## Stored data entries
Content starts

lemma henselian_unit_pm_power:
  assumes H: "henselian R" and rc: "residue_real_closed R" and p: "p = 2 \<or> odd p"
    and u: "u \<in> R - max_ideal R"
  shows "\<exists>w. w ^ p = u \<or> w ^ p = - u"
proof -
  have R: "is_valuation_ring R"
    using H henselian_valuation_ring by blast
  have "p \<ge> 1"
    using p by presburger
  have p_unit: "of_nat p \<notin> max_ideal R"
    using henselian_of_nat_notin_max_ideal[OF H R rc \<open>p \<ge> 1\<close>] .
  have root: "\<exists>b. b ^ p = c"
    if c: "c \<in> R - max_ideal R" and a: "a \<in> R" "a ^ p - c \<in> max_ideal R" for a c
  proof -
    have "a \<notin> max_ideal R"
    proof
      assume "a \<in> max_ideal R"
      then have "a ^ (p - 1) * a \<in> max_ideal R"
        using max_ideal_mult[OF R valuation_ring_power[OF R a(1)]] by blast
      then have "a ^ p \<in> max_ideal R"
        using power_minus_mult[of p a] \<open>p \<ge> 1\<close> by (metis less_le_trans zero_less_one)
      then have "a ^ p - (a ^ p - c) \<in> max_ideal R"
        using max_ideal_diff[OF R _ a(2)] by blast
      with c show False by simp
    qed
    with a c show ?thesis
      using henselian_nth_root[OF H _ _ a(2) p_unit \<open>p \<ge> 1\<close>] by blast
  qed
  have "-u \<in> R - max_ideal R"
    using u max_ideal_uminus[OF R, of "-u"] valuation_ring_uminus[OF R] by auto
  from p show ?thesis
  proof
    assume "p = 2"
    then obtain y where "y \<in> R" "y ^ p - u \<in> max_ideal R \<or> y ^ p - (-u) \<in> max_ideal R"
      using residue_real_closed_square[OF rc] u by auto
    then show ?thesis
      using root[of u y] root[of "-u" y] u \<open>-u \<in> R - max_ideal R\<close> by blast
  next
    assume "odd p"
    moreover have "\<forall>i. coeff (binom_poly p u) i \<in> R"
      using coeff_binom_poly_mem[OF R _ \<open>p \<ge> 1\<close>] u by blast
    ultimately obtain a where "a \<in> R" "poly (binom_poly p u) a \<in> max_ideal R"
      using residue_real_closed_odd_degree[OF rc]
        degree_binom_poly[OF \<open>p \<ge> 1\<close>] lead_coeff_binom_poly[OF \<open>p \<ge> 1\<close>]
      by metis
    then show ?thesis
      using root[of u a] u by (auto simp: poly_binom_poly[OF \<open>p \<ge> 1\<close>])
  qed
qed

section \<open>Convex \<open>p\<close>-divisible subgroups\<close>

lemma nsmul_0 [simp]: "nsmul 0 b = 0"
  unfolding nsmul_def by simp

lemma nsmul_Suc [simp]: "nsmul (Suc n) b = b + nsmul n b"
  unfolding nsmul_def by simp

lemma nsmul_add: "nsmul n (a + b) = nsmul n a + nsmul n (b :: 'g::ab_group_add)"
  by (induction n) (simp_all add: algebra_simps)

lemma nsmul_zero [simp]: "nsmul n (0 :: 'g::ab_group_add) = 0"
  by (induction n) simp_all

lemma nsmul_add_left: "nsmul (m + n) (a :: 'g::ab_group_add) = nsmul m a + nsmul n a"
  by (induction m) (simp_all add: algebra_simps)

Content ends
Content starts

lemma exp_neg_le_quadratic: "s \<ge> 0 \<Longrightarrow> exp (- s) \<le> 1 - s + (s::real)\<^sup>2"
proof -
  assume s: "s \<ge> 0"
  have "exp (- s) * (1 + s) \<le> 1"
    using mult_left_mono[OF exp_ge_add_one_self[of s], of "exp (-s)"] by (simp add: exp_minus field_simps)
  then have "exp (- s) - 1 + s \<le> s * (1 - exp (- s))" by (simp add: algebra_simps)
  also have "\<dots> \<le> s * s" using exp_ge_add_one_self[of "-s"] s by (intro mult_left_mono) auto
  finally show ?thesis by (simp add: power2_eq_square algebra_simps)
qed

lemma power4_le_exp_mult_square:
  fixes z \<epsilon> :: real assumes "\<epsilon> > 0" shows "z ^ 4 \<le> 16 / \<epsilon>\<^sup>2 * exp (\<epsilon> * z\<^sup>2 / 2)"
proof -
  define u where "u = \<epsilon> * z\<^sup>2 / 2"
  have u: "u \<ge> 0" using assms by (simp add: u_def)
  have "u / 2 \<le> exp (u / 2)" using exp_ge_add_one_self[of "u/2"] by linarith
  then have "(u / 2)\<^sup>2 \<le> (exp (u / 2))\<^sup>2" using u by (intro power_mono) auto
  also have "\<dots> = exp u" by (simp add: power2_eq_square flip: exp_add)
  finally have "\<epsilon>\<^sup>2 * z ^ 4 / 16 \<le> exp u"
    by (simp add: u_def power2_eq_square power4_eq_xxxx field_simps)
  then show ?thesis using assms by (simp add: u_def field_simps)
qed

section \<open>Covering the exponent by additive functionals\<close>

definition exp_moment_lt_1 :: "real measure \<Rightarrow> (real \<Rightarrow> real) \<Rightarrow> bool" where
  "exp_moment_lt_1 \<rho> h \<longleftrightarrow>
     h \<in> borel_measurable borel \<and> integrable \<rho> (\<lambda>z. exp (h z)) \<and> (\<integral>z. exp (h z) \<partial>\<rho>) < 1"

Content ends

## HOW TO COMPLETE THIS TASK
Where does the word "intro" appear in the records? Copy every line that holds it.

## ANSWER TO THE PROBLEM
  also have "\<dots> \<le> s * s" using exp_ge_add_one_self[of "-s"] s by (intro mult_left_mono) auto
  then have "(u / 2)\<^sup>2 \<le> (exp (u / 2))\<^sup>2" using u by (intro power_mono) auto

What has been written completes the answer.